• **WHAT YOU HAVE TO DO**: Would you please copy exactly the line with "k W2 \<and>" and all lines that follow it in the data below, through the last one?

• **Stored items**:

==================================================

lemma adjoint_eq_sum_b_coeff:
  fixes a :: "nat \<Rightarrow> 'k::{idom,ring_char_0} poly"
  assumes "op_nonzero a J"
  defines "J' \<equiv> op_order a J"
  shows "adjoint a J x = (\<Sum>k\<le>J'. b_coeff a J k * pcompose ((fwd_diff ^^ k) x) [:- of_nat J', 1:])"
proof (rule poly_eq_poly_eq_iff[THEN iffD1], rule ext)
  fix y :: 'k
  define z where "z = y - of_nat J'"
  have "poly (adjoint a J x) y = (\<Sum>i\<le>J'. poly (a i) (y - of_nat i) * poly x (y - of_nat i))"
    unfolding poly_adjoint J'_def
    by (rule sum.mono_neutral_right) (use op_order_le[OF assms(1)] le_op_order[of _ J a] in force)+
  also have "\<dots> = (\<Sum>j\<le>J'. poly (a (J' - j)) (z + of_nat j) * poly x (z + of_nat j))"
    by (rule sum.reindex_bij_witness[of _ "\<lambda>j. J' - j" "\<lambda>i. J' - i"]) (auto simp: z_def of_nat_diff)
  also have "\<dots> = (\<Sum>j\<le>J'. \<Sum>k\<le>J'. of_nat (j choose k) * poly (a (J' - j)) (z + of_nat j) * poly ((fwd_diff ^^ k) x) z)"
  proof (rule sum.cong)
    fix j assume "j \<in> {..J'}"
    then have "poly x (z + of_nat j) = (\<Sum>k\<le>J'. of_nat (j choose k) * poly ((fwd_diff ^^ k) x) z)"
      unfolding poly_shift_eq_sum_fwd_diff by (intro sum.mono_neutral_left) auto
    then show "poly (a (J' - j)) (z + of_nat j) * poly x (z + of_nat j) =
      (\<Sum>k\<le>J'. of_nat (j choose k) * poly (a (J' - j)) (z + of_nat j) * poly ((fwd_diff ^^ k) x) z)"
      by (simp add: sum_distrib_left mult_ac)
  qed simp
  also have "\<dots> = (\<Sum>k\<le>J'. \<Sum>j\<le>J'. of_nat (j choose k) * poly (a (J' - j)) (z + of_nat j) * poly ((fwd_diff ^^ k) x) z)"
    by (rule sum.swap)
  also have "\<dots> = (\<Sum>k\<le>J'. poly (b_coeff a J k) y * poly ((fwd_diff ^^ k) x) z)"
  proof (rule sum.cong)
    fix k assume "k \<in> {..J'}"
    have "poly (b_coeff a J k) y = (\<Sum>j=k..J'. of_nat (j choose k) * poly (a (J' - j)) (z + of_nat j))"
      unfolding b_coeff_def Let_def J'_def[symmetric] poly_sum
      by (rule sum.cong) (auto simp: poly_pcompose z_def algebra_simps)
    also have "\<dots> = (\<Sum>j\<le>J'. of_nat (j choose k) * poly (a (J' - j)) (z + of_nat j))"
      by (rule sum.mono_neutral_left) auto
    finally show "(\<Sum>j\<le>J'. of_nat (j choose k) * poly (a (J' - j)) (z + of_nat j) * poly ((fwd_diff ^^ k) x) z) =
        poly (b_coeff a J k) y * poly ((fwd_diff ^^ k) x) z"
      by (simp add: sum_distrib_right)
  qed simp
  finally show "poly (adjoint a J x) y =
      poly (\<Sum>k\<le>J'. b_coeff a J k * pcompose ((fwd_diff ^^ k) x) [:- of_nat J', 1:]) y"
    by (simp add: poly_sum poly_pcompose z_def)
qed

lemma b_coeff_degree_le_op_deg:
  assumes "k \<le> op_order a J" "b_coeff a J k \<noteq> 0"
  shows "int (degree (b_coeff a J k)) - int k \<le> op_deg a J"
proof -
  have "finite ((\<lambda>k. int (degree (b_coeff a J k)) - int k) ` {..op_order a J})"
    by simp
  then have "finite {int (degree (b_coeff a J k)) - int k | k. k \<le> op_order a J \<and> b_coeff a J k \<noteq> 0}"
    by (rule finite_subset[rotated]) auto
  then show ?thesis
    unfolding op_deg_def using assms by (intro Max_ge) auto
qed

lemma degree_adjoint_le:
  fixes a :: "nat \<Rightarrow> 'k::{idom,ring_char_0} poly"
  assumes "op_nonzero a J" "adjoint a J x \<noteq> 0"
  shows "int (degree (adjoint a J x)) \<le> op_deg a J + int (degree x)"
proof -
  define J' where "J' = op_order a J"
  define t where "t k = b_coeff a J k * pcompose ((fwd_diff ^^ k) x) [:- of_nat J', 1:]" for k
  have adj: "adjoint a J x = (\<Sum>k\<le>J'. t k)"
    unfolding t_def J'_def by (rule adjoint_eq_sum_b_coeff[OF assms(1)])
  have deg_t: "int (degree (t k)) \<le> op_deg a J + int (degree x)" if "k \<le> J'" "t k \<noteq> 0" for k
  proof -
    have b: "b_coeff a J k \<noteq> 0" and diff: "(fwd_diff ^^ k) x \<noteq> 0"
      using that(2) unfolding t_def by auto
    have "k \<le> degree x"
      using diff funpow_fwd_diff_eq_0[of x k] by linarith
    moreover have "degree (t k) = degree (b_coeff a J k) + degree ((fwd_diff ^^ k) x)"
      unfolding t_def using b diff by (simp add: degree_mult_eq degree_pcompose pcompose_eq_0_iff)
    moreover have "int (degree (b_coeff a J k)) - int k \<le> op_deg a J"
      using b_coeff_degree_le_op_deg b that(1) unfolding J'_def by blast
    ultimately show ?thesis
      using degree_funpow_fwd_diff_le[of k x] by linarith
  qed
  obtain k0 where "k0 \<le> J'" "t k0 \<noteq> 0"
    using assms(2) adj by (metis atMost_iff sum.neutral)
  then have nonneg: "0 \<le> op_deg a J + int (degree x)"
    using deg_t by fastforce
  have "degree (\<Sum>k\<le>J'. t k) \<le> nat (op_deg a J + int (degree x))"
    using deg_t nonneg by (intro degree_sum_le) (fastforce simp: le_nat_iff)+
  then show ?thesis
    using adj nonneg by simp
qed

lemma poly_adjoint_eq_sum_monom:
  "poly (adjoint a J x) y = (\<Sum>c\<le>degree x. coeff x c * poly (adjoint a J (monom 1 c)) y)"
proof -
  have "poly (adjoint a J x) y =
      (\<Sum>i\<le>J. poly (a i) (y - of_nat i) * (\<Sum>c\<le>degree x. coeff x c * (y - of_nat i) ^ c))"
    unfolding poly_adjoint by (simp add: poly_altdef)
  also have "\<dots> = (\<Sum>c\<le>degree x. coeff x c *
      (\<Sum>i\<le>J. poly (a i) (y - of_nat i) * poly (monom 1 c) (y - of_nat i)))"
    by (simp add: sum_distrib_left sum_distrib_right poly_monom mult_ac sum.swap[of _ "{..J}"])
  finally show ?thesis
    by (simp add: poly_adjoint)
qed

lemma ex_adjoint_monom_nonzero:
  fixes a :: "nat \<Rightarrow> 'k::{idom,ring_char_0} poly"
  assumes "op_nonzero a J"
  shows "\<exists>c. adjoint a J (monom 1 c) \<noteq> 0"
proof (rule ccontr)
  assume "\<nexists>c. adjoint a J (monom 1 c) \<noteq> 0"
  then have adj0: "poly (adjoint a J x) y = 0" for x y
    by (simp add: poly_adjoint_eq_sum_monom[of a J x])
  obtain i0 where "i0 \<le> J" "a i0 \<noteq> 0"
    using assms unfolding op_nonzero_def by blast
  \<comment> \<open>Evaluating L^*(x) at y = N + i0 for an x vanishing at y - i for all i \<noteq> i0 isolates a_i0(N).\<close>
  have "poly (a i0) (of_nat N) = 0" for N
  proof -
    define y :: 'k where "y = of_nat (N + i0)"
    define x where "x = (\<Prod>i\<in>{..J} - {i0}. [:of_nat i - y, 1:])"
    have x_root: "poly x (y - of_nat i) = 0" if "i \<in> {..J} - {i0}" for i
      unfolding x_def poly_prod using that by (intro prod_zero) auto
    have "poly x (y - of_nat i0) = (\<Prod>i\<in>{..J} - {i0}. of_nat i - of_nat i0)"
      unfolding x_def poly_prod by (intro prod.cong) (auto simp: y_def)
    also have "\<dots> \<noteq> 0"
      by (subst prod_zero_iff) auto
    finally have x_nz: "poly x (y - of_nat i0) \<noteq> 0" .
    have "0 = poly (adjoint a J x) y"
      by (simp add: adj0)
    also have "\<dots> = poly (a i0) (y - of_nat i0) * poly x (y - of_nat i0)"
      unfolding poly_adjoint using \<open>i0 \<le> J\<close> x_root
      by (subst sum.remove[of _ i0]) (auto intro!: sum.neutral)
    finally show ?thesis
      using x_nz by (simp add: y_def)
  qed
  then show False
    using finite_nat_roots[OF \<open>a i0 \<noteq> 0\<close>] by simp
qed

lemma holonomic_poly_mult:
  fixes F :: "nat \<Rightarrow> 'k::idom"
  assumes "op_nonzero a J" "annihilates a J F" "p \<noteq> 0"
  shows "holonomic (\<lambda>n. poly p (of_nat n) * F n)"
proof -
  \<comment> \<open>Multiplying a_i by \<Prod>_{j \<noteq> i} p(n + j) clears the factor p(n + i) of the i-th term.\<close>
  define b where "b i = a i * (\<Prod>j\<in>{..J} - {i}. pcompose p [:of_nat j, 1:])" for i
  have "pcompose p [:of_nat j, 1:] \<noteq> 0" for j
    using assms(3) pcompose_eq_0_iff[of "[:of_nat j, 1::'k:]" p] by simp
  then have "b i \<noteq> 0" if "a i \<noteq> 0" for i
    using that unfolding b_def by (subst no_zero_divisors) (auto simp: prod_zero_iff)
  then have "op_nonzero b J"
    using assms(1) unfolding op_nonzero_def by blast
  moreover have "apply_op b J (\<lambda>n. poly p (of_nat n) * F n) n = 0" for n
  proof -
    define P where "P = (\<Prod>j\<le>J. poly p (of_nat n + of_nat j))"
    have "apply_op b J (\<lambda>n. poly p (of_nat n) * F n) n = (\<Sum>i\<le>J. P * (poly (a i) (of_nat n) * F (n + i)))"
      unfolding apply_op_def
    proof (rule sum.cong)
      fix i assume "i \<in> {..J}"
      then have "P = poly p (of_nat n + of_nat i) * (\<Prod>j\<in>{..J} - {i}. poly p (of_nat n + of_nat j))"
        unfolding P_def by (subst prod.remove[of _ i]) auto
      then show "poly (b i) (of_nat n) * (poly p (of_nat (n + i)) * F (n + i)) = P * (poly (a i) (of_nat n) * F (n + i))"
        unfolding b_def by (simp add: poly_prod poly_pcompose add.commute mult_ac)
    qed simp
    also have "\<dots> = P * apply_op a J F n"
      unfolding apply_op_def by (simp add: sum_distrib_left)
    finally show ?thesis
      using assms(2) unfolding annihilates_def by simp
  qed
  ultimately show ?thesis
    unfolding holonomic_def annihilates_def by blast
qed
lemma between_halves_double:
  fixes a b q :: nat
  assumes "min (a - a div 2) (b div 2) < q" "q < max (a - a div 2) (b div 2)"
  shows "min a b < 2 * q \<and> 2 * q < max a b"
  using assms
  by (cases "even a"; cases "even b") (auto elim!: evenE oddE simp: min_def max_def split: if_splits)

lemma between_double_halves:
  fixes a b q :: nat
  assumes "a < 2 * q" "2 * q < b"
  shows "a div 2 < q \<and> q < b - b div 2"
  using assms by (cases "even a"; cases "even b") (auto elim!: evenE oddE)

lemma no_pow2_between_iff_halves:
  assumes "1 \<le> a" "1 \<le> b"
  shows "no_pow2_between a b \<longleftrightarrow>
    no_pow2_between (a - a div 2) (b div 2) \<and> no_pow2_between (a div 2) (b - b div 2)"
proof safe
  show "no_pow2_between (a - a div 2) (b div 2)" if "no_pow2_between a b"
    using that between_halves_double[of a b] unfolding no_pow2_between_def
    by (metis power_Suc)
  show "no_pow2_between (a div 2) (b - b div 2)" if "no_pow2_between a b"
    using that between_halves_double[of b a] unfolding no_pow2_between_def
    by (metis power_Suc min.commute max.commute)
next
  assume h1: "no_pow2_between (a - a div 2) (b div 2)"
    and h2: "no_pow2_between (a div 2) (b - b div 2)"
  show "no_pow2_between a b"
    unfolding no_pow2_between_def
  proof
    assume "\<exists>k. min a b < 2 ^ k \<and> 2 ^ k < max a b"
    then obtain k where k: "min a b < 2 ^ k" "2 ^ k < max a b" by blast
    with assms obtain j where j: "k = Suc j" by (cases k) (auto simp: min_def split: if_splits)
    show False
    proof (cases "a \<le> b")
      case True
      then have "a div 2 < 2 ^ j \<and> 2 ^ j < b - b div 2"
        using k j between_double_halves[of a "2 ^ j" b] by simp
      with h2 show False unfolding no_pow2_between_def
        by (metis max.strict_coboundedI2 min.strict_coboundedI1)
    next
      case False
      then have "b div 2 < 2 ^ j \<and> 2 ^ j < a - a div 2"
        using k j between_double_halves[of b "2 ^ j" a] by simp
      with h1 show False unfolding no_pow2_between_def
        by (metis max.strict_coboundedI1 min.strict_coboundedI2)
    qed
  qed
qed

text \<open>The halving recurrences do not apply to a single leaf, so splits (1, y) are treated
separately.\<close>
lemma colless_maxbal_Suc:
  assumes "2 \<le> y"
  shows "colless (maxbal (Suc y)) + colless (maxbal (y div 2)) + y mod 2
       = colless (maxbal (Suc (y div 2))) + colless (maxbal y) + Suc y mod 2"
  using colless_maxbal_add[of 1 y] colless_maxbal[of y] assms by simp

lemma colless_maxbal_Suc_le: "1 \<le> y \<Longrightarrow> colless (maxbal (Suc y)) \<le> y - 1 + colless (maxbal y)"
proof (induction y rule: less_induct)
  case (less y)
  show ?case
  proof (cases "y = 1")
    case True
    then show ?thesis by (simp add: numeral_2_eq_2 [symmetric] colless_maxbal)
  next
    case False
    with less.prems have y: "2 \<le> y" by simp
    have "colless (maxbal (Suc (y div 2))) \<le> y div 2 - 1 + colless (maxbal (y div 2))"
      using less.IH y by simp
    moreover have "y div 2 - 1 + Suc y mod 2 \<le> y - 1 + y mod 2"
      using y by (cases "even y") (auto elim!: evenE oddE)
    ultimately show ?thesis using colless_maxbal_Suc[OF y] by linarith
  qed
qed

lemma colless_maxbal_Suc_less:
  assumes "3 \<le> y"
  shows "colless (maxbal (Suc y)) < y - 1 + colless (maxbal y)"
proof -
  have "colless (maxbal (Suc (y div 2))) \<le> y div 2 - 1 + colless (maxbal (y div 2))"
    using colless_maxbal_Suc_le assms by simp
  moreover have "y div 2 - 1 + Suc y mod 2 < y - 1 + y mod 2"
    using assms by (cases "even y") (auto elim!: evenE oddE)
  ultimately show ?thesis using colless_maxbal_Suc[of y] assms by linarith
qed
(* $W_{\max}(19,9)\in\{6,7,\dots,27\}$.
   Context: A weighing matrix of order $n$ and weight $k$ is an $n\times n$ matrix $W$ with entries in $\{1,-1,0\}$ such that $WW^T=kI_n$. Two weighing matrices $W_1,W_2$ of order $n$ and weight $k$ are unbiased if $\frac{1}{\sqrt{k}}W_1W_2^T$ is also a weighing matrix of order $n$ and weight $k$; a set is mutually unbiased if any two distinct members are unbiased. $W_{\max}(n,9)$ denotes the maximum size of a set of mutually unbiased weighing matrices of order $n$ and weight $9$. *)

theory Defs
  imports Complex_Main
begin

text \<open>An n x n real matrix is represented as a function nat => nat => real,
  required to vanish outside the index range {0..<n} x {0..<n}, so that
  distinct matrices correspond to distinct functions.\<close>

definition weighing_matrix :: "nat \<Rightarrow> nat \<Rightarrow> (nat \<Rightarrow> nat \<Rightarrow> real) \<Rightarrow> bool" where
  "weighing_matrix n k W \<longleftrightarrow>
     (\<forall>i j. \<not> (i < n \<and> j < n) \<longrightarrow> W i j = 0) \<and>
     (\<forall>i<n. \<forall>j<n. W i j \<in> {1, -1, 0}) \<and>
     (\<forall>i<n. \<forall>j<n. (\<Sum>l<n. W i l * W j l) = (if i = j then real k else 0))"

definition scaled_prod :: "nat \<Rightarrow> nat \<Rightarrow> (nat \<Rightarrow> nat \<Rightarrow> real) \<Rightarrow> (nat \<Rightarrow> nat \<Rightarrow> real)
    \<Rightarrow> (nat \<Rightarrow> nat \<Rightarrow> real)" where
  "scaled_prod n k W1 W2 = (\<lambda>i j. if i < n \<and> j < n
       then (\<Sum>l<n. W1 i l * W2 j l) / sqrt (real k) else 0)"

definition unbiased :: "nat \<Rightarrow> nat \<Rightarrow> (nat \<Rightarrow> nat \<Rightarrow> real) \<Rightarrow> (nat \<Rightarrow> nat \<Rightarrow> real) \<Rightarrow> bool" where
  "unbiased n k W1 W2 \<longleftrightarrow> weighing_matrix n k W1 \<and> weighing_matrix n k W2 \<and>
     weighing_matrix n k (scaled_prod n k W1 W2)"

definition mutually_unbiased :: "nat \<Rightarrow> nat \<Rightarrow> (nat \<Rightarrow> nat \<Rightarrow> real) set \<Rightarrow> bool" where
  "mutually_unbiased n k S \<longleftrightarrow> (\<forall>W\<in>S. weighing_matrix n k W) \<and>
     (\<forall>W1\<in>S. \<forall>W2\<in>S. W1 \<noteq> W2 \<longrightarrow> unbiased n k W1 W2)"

==================================================

• **SOLUTION FOR THIS PROBLEM**:
  "unbiased n k W1 W2 \<longleftrightarrow> weighing_matrix n k W1 \<and> weighing_matrix n k W2 \<and>
     weighing_matrix n k (scaled_prod n k W1 W2)"

definition mutually_unbiased :: "nat \<Rightarrow> nat \<Rightarrow> (nat \<Rightarrow> nat \<Rightarrow> real) set \<Rightarrow> bool" where
  "mutually_unbiased n k S \<longleftrightarrow> (\<forall>W\<in>S. weighing_matrix n k W) \<and>
     (\<forall>W1\<in>S. \<forall>W2\<in>S. W1 \<noteq> W2 \<longrightarrow> unbiased n k W1 W2)"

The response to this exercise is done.